Can you share your exposure settings?


----------



## JustJazzie (Dec 5, 2013)

Kazzy said:


> I am interested...I always love a funny story.  Not to mention how much it will annoy me if I don't know.




  We woke up the morning of the 30th all ready to head out to the forest to pick the perfect tree. There was a local fundraiser going on, and for only $20 you could chop down your own tree. All proceeds went to the local middle school to send the 8th graders to sea camp in California! We found the perfect tree.  at least we thought....once DH cut it down the fun started. It was HEAVY. And POKEY. My legs got scratched and nearly bled through my jeans. Luckily, some poor man offered to help DH carry it to the car since I was useless. We knew it was bigger than we thought, but didn't realize just HOW big until we started seeing the other drivers faces we passed on the road. I counted at least 3 double takes, 2 jaw drops, and uncountable crack-ups. We lost 2 feet of tips when it fell off the car, and at least 4 feet at the base.  I'm not even sure how DH managed it get it into the house, but he ended up shoving it through the window. (Once he cut that trees down, he was determined to get it set up!) our pretty, full, Christmas tree, quickly transformed into a Charlie Brown Christmas tree, loosing over 30% of its branches and limbs in its journey to our living room... I swear it didn't look THAT tall when we picked it. Anyways, at this point, I will let the pictures speak for themselves.....

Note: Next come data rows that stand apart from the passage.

lemma virtually_nilpotent_card_products_le:
  assumes vn: "virtually_nilpotent G" and S: "S \<subseteq> carrier G" and fin: "finite S"
  shows "\<exists>C N. \<forall>k. card (products G S k) \<le> C * (k + 1) ^ N"
proof -
  obtain H c where H: "subgroup H G" "finite (rcosets H)" and K: "group (G\<lparr>carrier := H\<rparr>)"
    and triv: "lower_central (G\<lparr>carrier := H\<rparr>) c = {\<one>\<^bsub>G\<lparr>carrier := H\<rparr>\<^esub>}"
    using vn unfolding virtually_nilpotent_def nilpotent_group_def by blast
  obtain T where T: "finite T" "\<one> \<in> T" "T \<subseteq> carrier G" "\<forall>x\<in>carrier G. \<exists>t\<in>T. x \<otimes> inv t \<in> H"
    using finite_transversal[OF H] by blast
  define S' where "S' = (\<lambda>(t, s, u). t \<otimes> s \<otimes> inv u) ` (T \<times> S \<times> T) \<inter> H"
  have S': "finite S'" "S' \<subseteq> H"
    unfolding S'_def using T(1) fin by blast+
  have closed: "\<forall>t\<in>T. \<forall>s\<in>S. \<exists>u\<in>T. t \<otimes> s \<otimes> inv u \<in> S'"
  proof (intro ballI)
    fix t s assume ts: "t \<in> T" "s \<in> S"
    then obtain u where "u \<in> T" "t \<otimes> s \<otimes> inv u \<in> H"
      using T(3,4) S by blast
    then show "\<exists>u\<in>T. t \<otimes> s \<otimes> inv u \<in> S'"
      unfolding S'_def using ts by (intro bexI[of _ u]) force+
  qed
  interpret K: group "G\<lparr>carrier := H\<rparr>"
    by (rule K)
  obtain N where N: "\<forall>k. card (products G S' k) \<le> (k + 1) ^ N"
    using K.nilpotent_card_products_le[OF triv _ S'(1)] S'(2) by auto
  have "S' \<subseteq> carrier G"
    using S'(2) subgroup.subset[OF H(1)] by blast
  then have "card (products G S k) \<le> card (products G S' k) * card T" for k
    by (rule card_products_le_transversal[OF T(1-3) S S'(1) _ closed])
  then have "card (products G S k) \<le> card T * (k + 1) ^ N" for k
    using N by (metis le_trans mult.commute mult_le_mono2)
  then show ?thesis by blast
qed

end

section \<open>Orbits of automorphisms and the coset dynamic\<close>

lemma finite_coset_space_elem: "finite A \<Longrightarrow> z \<in> coset_space G A \<Longrightarrow> finite z"
  by (auto simp: coset_space_def orb_def)

lemma AutoGroup_mult_apply:
  "a \<in> auto G \<Longrightarrow> b \<in> auto G \<Longrightarrow> x \<in> carrier G \<Longrightarrow> (a \<otimes>\<^bsub>AutoGroup G\<^esub> b) x = a (b x)"
  by (simp add: AutoGroup_def BijGroup_def compose_def auto_def)

lemma (in monoid) multlist_mult:
  "set ws \<subseteq> carrier G \<Longrightarrow> a \<in> carrier G \<Longrightarrow> foldr (\<otimes>) ws a = foldr (\<otimes>) ws \<one> \<otimes> a"
  by (induction ws) (auto simp: m_assoc)

context group
begin

lemma auto_subgroup_hom: "subgroup A (AutoGroup G) \<Longrightarrow> a \<in> A \<Longrightarrow> a \<in> hom G G"
  using subgroup.subset by (fastforce simp: AutoGroup_def auto_def)

lemma auto_subgroup_mult_apply:
  "subgroup A (AutoGroup G) \<Longrightarrow> a \<in> A \<Longrightarrow> b \<in> A \<Longrightarrow> x \<in> carrier G \<Longrightarrow>
    (a \<otimes>\<^bsub>AutoGroup G\<^esub> b) x = a (b x)"
  using subgroup.subset by (fastforce simp: AutoGroup_def intro: AutoGroup_mult_apply)

lemma orb_subset_carrier: "subgroup A (AutoGroup G) \<Longrightarrow> g \<in> carrier G \<Longrightarrow> orb A g \<subseteq> carrier G"
  using auto_subgroup_hom by (auto simp: orb_def hom_def)

lemma orb_self:
  assumes "subgroup A (AutoGroup G)" and g: "g \<in> carrier G"
  shows "g \<in> orb A g"
proof -
  have "(\<lambda>x\<in>carrier G. x) \<in> A"
    using subgroup.one_closed[OF assms(1)] by (simp add: AutoGroup_def BijGroup_def)
  then show ?thesis
    unfolding orb_def using g by (intro image_eqI[of _ _ "\<lambda>x\<in>carrier G. x"]) auto
qed

lemma orb_apply:
  assumes A: "subgroup A (AutoGroup G)" and b: "b \<in> A" and w: "w \<in> carrier G"
  shows "orb A (b w) = orb A w"
proof -
  interpret AG: group "AutoGroup G"
    by (rule AutoGroup)
  have "a (b w) \<in> orb A w" if "a \<in> A" for a
    using auto_subgroup_mult_apply[OF A that b w] subgroup.m_closed[OF A that b]
    unfolding orb_def by (metis image_eqI)
  moreover have "a w \<in> orb A (b w)" if a: "a \<in> A" for a
  proof -
    have ib: "inv\<^bsub>AutoGroup G\<^esub> b \<in> A"
      using subgroup.m_inv_closed[OF A b] .
    have "a \<in> carrier (AutoGroup G)" "b \<in> carrier (AutoGroup G)"
      using a b subgroup.subset[OF A] by auto
    then have "a = (a \<otimes>\<^bsub>AutoGroup G\<^esub> inv\<^bsub>AutoGroup G\<^esub> b) \<otimes>\<^bsub>AutoGroup G\<^esub> b"
      by (simp add: AG.m_assoc)
    then have "a w = (a \<otimes>\<^bsub>AutoGroup G\<^esub> inv\<^bsub>AutoGroup G\<^esub> b) (b w)"
      using auto_subgroup_mult_apply[OF A subgroup.m_closed[OF A a ib] b w] by simp
    then show ?thesis
      unfolding orb_def using subgroup.m_closed[OF A a ib] by blast
  qed
  ultimately show ?thesis
    unfolding orb_def by blast
qed

lemma coset_space_subset_carrier:
  "subgroup A (AutoGroup G) \<Longrightarrow> z \<in> coset_space G A \<Longrightarrow> z \<subseteq> carrier G"
  using orb_subset_carrier by (auto simp: coset_space_def)

lemma cmult_subset:
  assumes A: "subgroup A (AutoGroup G)" "finite A" and g0: "g0 \<in> carrier G"
    and z: "z \<in> coset_space G A"
  shows "set_mset (cmult G A (orb A g0) z) \<subseteq> {orb A (g0 \<otimes> s) | s. s \<in> z}"
proof
  interpret AG: group "AutoGroup G"
    by (rule AutoGroup)
  define g where "g = (SOME g. g \<in> carrier G \<and> orb A g = orb A g0)"
  define h where "h = (SOME h. h \<in> carrier G \<and> orb A h = z)"
  have g: "g \<in> carrier G" "orb A g = orb A g0"
    using someI[of "\<lambda>g. g \<in> carrier G \<and> orb A g = orb A g0", OF conjI[OF g0 refl]]
    unfolding g_def by blast+
  have h: "h \<in> carrier G" "orb A h = z"
    using z someI_ex[of "\<lambda>h. h \<in> carrier G \<and> orb A h = z"]
    unfolding h_def coset_space_def by blast+
  fix x assume "x \<in> set_mset (cmult G A (orb A g0) z)"
  then obtain a where a: "a \<in> A" "x = orb A (g \<otimes> a h)"
    using A(2) unfolding cmult_def g_def h_def Let_def by auto
  obtain b where b: "b \<in> A" "g = b g0"
    using orb_self[OF A(1) g(1)] g(2) unfolding orb_def by blast
  \<comment> \<open>\<open>a h = b u\<close> with \<open>u \<in> z\<close>, so \<open>g \<otimes> a h = b (g0 \<otimes> u)\<close> lies in the orbit of \<open>g0 \<otimes> u\<close>\<close>
  define u where "u = (inv\<^bsub>AutoGroup G\<^esub> b \<otimes>\<^bsub>AutoGroup G\<^esub> a) h"
  have invba: "inv\<^bsub>AutoGroup G\<^esub> b \<otimes>\<^bsub>AutoGroup G\<^esub> a \<in> A"
    using b(1) a(1) A(1) by (simp add: subgroup.m_closed subgroup.m_inv_closed)
  then have u: "u \<in> z" "u \<in> carrier G"
    using h orb_subset_carrier[OF A(1) h(1)] unfolding u_def orb_def by auto
  have "b u = (b \<otimes>\<^bsub>AutoGroup G\<^esub> (inv\<^bsub>AutoGroup G\<^esub> b \<otimes>\<^bsub>AutoGroup G\<^esub> a)) h"
    using auto_subgroup_mult_apply[OF A(1) b(1) invba h(1)] by (simp add: u_def)
  also have "\<dots> = a h"
  proof -
    have "a \<in> carrier (AutoGroup G)" "b \<in> carrier (AutoGroup G)"
      using a(1) b(1) subgroup.subset[OF A(1)] by auto
    then show ?thesis
      by (simp flip: AG.m_assoc)
  qed
  finally have "g \<otimes> a h = b (g0 \<otimes> u)"
    using b hom_mult[OF auto_subgroup_hom[OF A(1) b(1)]] g0 u(2) by simp
  then have "x = orb A (g0 \<otimes> u)"
    using a(2) orb_apply[OF A(1) b(1)] g0 u(2) by simp
  then show "x \<in> {orb A (g0 \<otimes> s) | s. s \<in> z}"
    using u(1) by blast
qed

lemma dyn_iter_subset_products:
  assumes A: "subgroup A (AutoGroup G)" "finite A" and z: "z \<in> coset_space G A"
    and y0: "y0 \<in> carrier G"
  shows "set_mset (dyn_iter G A z r (orb A y0)) \<subseteq> (\<lambda>p. orb A (y0 \<otimes> p)) ` products G z r"
proof (induction r)
  case 0
  have "\<one> \<in> products G z 0"
    unfolding products_def by force
  then show ?case
    using y0 by force
next
  case (Suc r)
  have zG: "z \<subseteq> carrier G"
    using coset_space_subset_carrier[OF A(1) z] .
  show ?case
  proof
    fix x' assume "x' \<in> set_mset (dyn_iter G A z (Suc r) (orb A y0))"
    then obtain x where x: "x \<in> set_mset (dyn_iter G A z r (orb A y0))" "x' \<in> set_mset (cmult G A x z)"
      by (auto simp: cmult_mset_def)
    then obtain ws where ws: "set ws \<subseteq> z" "length ws = r" "x = orb A (y0 \<otimes> foldr (\<otimes>) ws \<one>)"
      using Suc unfolding products_def by blast
    have p: "foldr (\<otimes>) ws \<one> \<in> carrier G"
      using ws(1) zG by (intro multlist_closed) auto
    obtain s where s: "s \<in> z" "x' = orb A (y0 \<otimes> foldr (\<otimes>) ws \<one> \<otimes> s)"
      using cmult_subset[OF A _ z] x(2) y0 p unfolding ws(3) by blast
    have sG: "s \<in> carrier G"
      using zG s(1) by blast
    then have "foldr (\<otimes>) (ws @ [s]) \<one> = foldr (\<otimes>) ws \<one> \<otimes> s"
      using multlist_mult[of ws s] ws(1) zG by auto
    then have "y0 \<otimes> foldr (\<otimes>) ws \<one> \<otimes> s = y0 \<otimes> foldr (\<otimes>) (ws @ [s]) \<one>"
      using zG s(1) p y0 by (auto simp: m_assoc)
    moreover have "foldr (\<otimes>) (ws @ [s]) \<one> \<in> products G z (Suc r)"
      using ws s unfolding products_def by (intro image_eqI[of _ _ "ws @ [s]"]) auto
    ultimately show "x' \<in> (\<lambda>p. orb A (y0 \<otimes> p)) ` products G z (Suc r)"
      using s(2) by auto
  qed
qed

lemma growth_le_card_products:
  assumes A: "subgroup A (AutoGroup G)" "finite A"
    and z: "z \<in> coset_space G A" and y: "y \<in> coset_space G A"
  shows "growth G A z y r \<le> card (products G z r)"
proof -
  obtain y0 where y0: "y0 \<in> carrier G" "y = orb A y0"
    using y unfolding coset_space_def by blast
  have "finite (products G z r)"
    using finite_products[OF finite_coset_space_elem[OF A(2) z]] .
  then have "card (set_mset (dyn_iter G A z r y)) \<le> card ((\<lambda>p. orb A (y0 \<otimes> p)) ` products G z r)"
    unfolding y0(2) using dyn_iter_subset_products[OF A z y0(1)] by (intro card_mono) auto
  also have "\<dots> \<le> card (products G z r)"
    by (rule card_image_le) fact
  finally show ?thesis
    unfolding growth_def .
qed

end

lemma nat_poly_bound_imp_real_poly_bound:
  assumes "\<forall>r. f r \<le> C * (r + 1) ^ N"
  shows "\<exists>C' k. C' > 0 \<and> k > 0 \<and> (\<forall>r::nat. r \<ge> 1 \<longrightarrow> real (f r) \<le> C' * real r ^ k)"
proof (intro exI[of _ "real (C * 2 ^ N) + 1"] exI[of _ "N + 1"] conjI allI impI)
  fix r :: nat assume r: "1 \<le> r"
  have "f r \<le> C * (r + 1) ^ N"
    using assms by blast
  also have "\<dots> \<le> C * (2 * r) ^ N"
    using r by (intro mult_le_mono2 power_mono) auto
  also have "\<dots> \<le> C * 2 ^ N * r ^ (N + 1)"
    using r by (simp add: power_mult_distrib power_increasing)
  finally have "real (f r) \<le> real (C * 2 ^ N) * real r ^ (N + 1)"
    by (metis of_nat_le_iff of_nat_mult of_nat_power)
  also have "\<dots> \<le> (real (C * 2 ^ N) + 1) * real r ^ (N + 1)"
    by (intro mult_right_mono) auto
  finally show "real (f r) \<le> (real (C * 2 ^ N) + 1) * real r ^ (N + 1)" .
qed (auto intro!: add_nonneg_pos)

In case anyone is wondering, floor to bottom of beam is about 18 feet. ;-)


----------



## Rocketman1978 (Dec 5, 2013)

> Wow!! Sooooo pretty!
> 
> Can you share your exposure settings?


Thanks so much!   

Shot with my 50, f/22, ISO100, 30s exposure.


----------



## Tiller (Dec 5, 2013)

JustJazzie said:


> We woke up the morning of the 30th all ready to head out to the forest to pick the perfect tree. There was a local fundraiser going on, and for only $20 you could chop down your own tree. All proceeds went to the local middle school to send the 8th graders to sea camp in California! We found the perfect tree.  at least we thought....once DH cut it down the fun started. It was HEAVY. And POKEY. My legs got scratched and nearly bled through my jeans. Luckily, some poor man offered to help DH carry it to the car since I was useless. We knew it was bigger than we thought, but didn't realize just HOW big until we started seeing the other drivers faces we passed on the road. I counted at least 3 double takes, 2 jaw drops, and uncountable crack-ups. We lost 2 feet of tips when it fell off the car, and at least 4 feet at the base.  I'm not even sure how DH managed it get it into the house, but he ended up shoving it through the window. (Once he cut that trees down, he was determined to get it set up!) our pretty, full, Christmas tree, quickly transformed into a Charlie Brown Christmas tree, loosing over 30% of its branches and limbs in its journey to our living room... I swear it didn't look THAT tall when we picked it. Anyways, at this point, I will let the pictures speak for themselves.....  In case anyone is wondering, floor to bottom of beam is about 18 feet. ;-)


 Great story!  

That thing is humongous!  :mrgreen: 

 It looks like you have a beautiful home. I have always loved tall ceilings with the exposed beams.


----------



## centauro74 (Dec 5, 2013)

My tree


----------



## JustJazzie (Dec 5, 2013)

Rocketman1978 said:


> Thanks so much!     Shot with my 50, f/22, ISO100, 30s exposure.


Thanks! Now I'm gonna go try and take a better shot of mine!



Tiller said:


> Great story!  That thing is humongous!  :megreen:  It looks like you have a beautiful home. I have always loved tall ceilings with the exposed beams.



Thank you! We love it, and I can't help but feel like a princess waking up here.


----------



## SnappingShark (Dec 7, 2013)

Late to the party (been on my phone for a while), but here's ours!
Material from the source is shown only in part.